REVIEWING PROFESSIONAL AND SCIENTIFIC CONTRIBUTIONS TO THE JOURNAL OF Soudní inženýrství

The aim of the reviewed scientific and technical articles published in the journal of Forensic Engineering should be to describe specific issues in the different branches of forensic engineering (both technical and economic – road accident analysis, assessment of defects and failures in machine equipment, vehicles and properties, property valuation). The articles should be focused on the general issues of the sub-discipline given or on a specific case from practice. The conclusions of the article should then be generalized and formulated for other experts to be able to use them when dealing with other similar cases.

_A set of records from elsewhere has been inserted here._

(* Let $a_1,\dots,a_n$ be positive integers, not both $n=1$ and $a_1=1$, and let $[a_1,\dots,a_n]=p/q$ with $p,q$ relatively prime positive integers. Then \[ [a_1,\dots,a_{n-1},a_n+1,a_n-1,a_{n-1},\dots,a_1]=\frac{p^2}{pq+(-1)^n}. \]
   Context: $[b_1,\dots,b_k]=b_1+\cfrac{1}{b_2+\cfrac{1}{\ddots+\cfrac{1}{b_k}}}$ denotes a continued fraction. An entry $0$ in the interior of a continued fraction is interpreted via $[\dots,a,0,b,\dots]=[\dots,a+b,\dots]$ (this occurs when $a_n=1$). *)

theory Defs
  imports Complex_Main
begin

text \<open>Since inverse (inverse y) = y holds in Isabelle fields (with inverse 0 = 0),
  an interior entry 0 automatically satisfies [..,a,0,b,..] = [..,a+b,..].\<close>
fun cf :: "int list \<Rightarrow> rat" where
  "cf [] = 0"
| "cf [b] = of_int b"
| "cf (b # c # bs) = of_int b + 1 / cf (c # bs)"

end

theory Submission
  imports Defs
begin

text \<open>Encode [b_1,...,b_k] by the product of the matrices ((b_i, 1), (1, 0)). Its first
  column holds numerator and denominator of the continued fraction, its determinant is
  (-1)^k, and reversing the list transposes the product, since every factor is symmetric.
  With c = [a_1,...,a_(n-1)], the matrix of the palindromic list is
  M(c) ((a_n+1,1),(1,0)) ((a_n-1,1),(1,0)) M(c)^T, and expanding it in terms of the first
  column (p, q) of M(c) ((a_n,1),(1,0)) gives the first column (p^2, pq + (-1)^n).\<close>

type_synonym 'a mat2 = "'a \<times> 'a \<times> 'a \<times> 'a"

fun mat2_mult :: "'a::comm_ring_1 mat2 \<Rightarrow> 'a mat2 \<Rightarrow> 'a mat2" where
  "mat2_mult (a, b, c, d) (e, f, g, h) = (a*e + b*g, a*f + b*h, c*e + d*g, c*f + d*h)"

fun mat2_transpose :: "'a mat2 \<Rightarrow> 'a mat2" where
  "mat2_transpose (a, b, c, d) = (a, c, b, d)"

lemma mat2_mult_assoc: "mat2_mult (mat2_mult A B) C = mat2_mult A (mat2_mult B C)"
  by (cases A; cases B; cases C) (simp add: algebra_simps)

lemma mat2_mult_1_left: "mat2_mult (1, 0, 0, 1) A = A"
  by (cases A) simp

lemma mat2_transpose_mult:
  "mat2_transpose (mat2_mult A B) = mat2_mult (mat2_transpose B) (mat2_transpose A)"
  by (cases A; cases B) (simp add: algebra_simps)

primrec cf_matrix :: "'a::comm_ring_1 list \<Rightarrow> 'a mat2" where
  "cf_matrix [] = (1, 0, 0, 1)"
| "cf_matrix (b # bs) = mat2_mult (b, 1, 1, 0) (cf_matrix bs)"

lemma cf_matrix_append: "cf_matrix (xs @ ys) = mat2_mult (cf_matrix xs) (cf_matrix ys)"
  by (induction xs) (simp_all add: mat2_mult_1_left mat2_mult_assoc)

lemma cf_matrix_rev: "cf_matrix (rev xs) = mat2_transpose (cf_matrix xs)"
proof (induction xs)
  case Nil
  then show ?case by simp
next
  case (Cons b bs)
  have "cf_matrix (rev (b # bs)) = mat2_mult (mat2_transpose (cf_matrix bs)) (b, 1, 1, 0)"
    by (simp add: cf_matrix_append Cons.IH)
  also have "\<dots> = mat2_transpose (cf_matrix (b # bs))"
    by (simp add: mat2_transpose_mult)
  finally show ?case .
qed

lemma cf_matrix_det:
  assumes "cf_matrix xs = (a, b, c, d)"
  shows "a*d - b*c = (-1) ^ length xs"
  using assms
proof (induction xs arbitrary: a b c d)
  case Nil
  then show ?case by simp
next
  case (Cons x xs)
  obtain a' b' c' d' where "cf_matrix xs = (a', b', c', d')"
    by (cases "cf_matrix xs") auto
  with Cons show ?case by (auto simp: algebra_simps)
qed

lemma cf_matrix_palindrome:
  assumes "cf_matrix (c @ [t]) = (p, p', q, q')"
  shows "cf_matrix (c @ [t + 1, t - 1] @ rev c)
           = (p^2, p*q - (-1) ^ Suc (length c), p*q + (-1) ^ Suc (length c), q^2)"
proof -
  obtain P P' Q Q' where Mc: "cf_matrix c = (P, P', Q, Q')"
    by (cases "cf_matrix c") auto
  have pq: "p = P*t + P'" "q = Q*t + Q'"
    using assms by (auto simp: cf_matrix_append Mc)
  have "(-1) ^ Suc (length c) = P'*Q - P*Q'"
    using cf_matrix_det[OF Mc] by (simp add: algebra_simps)
  then show ?thesis
    by (simp add: cf_matrix_append cf_matrix_rev Mc pq algebra_simps power2_eq_square)
qed

lemma cf_matrix_coprime:
  assumes "cf_matrix xs = (a, b, c, d)"
  shows "coprime a (c::int)"
proof (rule coprimeI)
  fix k assume "k dvd a" "k dvd c"
  then have "k dvd a*d - b*c" by simp
  moreover have "is_unit (a*d - b*c)"
    using cf_matrix_det[OF assms] by simp
  ultimately show "is_unit k"
    by (rule dvd_unit_imp_unit)
qed

text \<open>Nonnegative entries with a positive last one suffice: an interior zero then never
  produces a zero denominator, so Isabelle's division by zero is never exercised.\<close>

lemma cf_eq_cf_matrix:
  assumes "xs \<noteq> []" and "\<forall>x\<in>set xs. x \<ge> 0" and "last xs > 0"
    and "cf_matrix xs = (a, b, c, d)"
  shows "a > 0 \<and> c > 0 \<and> cf xs = of_int a / of_int c"
  using assms
proof (induction xs arbitrary: a b c d)
  case Nil
  then show ?case by simp
next
  case (Cons x xs)
  show ?case
  proof (cases "xs = []")
    case True
    with Cons.prems show ?thesis by simp
  next
    case False
    obtain a' b' c' d' where xs: "cf_matrix xs = (a', b', c', d')"
      by (cases "cf_matrix xs") auto
    have IH: "a' > 0" "c' > 0" "cf xs = of_int a' / of_int c'"
      using Cons.IH[OF False _ _ xs] Cons.prems False by auto
    have "a = x*a' + c'" "c = a'"
      using Cons.prems(4) xs by auto
    moreover have "x*a' \<ge> 0"
      using Cons.prems(2) IH(1) by simp
    moreover obtain y ys where "xs = y # ys"
      using False by (cases xs) auto
    then have "cf (x # xs) = of_int x + of_int c' / of_int a'"
      using IH(3) by simp
    ultimately show ?thesis
      using IH(1,2) by (simp add: field_simps)
  qed
qed

lemma quotient_of_int_div:
  assumes "q > 0" and "coprime p q"
  shows "quotient_of (of_int p / of_int q) = (p, q)"
  using assms by (simp add: Fract_of_int_quotient [symmetric] quotient_of_Fract)

lemma quotient_of_cf:
  assumes "xs \<noteq> []" and "\<forall>x\<in>set xs. x \<ge> 0" and "last xs > 0"
    and "cf_matrix xs = (a, b, c, d)"
  shows "quotient_of (cf xs) = (a, c)"
  using cf_eq_cf_matrix[OF assms] quotient_of_int_div cf_matrix_coprime[OF assms(4)] by simp

theorem theorem3p18:
  fixes a :: "int list" and p q :: int
  assumes "a \<noteq> []"
    and "\<forall>x\<in>set a. x > 0"
    and "\<not> (length a = 1 \<and> hd a = 1)"
    and "p > 0" and "q > 0" and "coprime p q"
    and "cf a = of_int p / of_int q"
  shows "cf (butlast a @ [last a + 1, last a - 1] @ rev (butlast a))
           = of_int (p ^ 2) / of_int (p * q + (-1) ^ length a)"
proof -
  define c t where "c = butlast a" and "t = last a"
  have a: "a = c @ [t]"
    using assms(1) by (simp add: c_def t_def)
  have t_pos: "t > 0" and c_pos: "\<forall>x\<in>set c. x > 0"
    using assms(2) a by auto
  obtain p' b q' d where M: "cf_matrix (c @ [t]) = (p', b, q', d)"
    by (cases "cf_matrix (c @ [t])") auto
  have "(p', q') = quotient_of (cf a)"
    using quotient_of_cf[OF _ _ _ M] a t_pos c_pos by (auto simp: less_imp_le)
  also have "\<dots> = (p, q)"
    using quotient_of_int_div[OF assms(5,6)] assms(7) by simp
  finally have "p' = p" "q' = q"
    by simp_all
  moreover have "length a = Suc (length c)"
    using a by simp
  ultimately have palindrome: "cf_matrix (c @ [t + 1, t - 1] @ rev c)
      = (p^2, p*q - (-1) ^ length a, p*q + (-1) ^ length a, q^2)"
    using cf_matrix_palindrome[OF M] by simp
  have "last (c @ [t + 1, t - 1] @ rev c) > 0"
    using assms(3) a t_pos c_pos by (cases c) (auto simp: last_rev)
  then have "cf (c @ [t + 1, t - 1] @ rev c) = of_int (p^2) / of_int (p*q + (-1) ^ length a)"
    using cf_eq_cf_matrix[OF _ _ _ palindrome] t_pos c_pos by (auto simp: less_imp_le)
  then show ?thesis
    by (simp add: c_def t_def)
qed

end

All the professional and scientific contributions are reviewed. A member of the editorial board was usually one of the reviewers – an expert in the given branch, who also recommended whether the contribution should be accepted or refused. An expert external to the Institute of Forensic Engineering was another one. Since the 19th volume, the professional and scientific contributions have been reviewed by two experts, who, based on the requirements of the Council for Science, Research and Innovation, are not:

  1. from one workplace,
  2. from the same workplace as the author or co-author of the article,
  3. exclusively the employees of the publisher,
  4. members of the board.

The translation of a citation of the definition of review procedures by the Council for Science, Research and Innovation:
A review procedure is an assessment procedure applied to every scientific piece of work (or artistic piece of work) prior to its publishing and the reviewers’ (assessors’) comments are incorporated into the final published version. A reviewed work means that after receiving a proposed article, expert and independent assessment is carried out (the assessor must not be exclusively an employee of the editorial office or the publisher; if there are more reviewers, they must not be from the same workplace; none of the reviewers must work at the same workplace as the author), based on which the author modifies the work and it is then published.

A separate category comprises articles providing information significant for experts (internet pages, books, new equipment, software, conferences, etc.). These contributions are not subject to review obligations.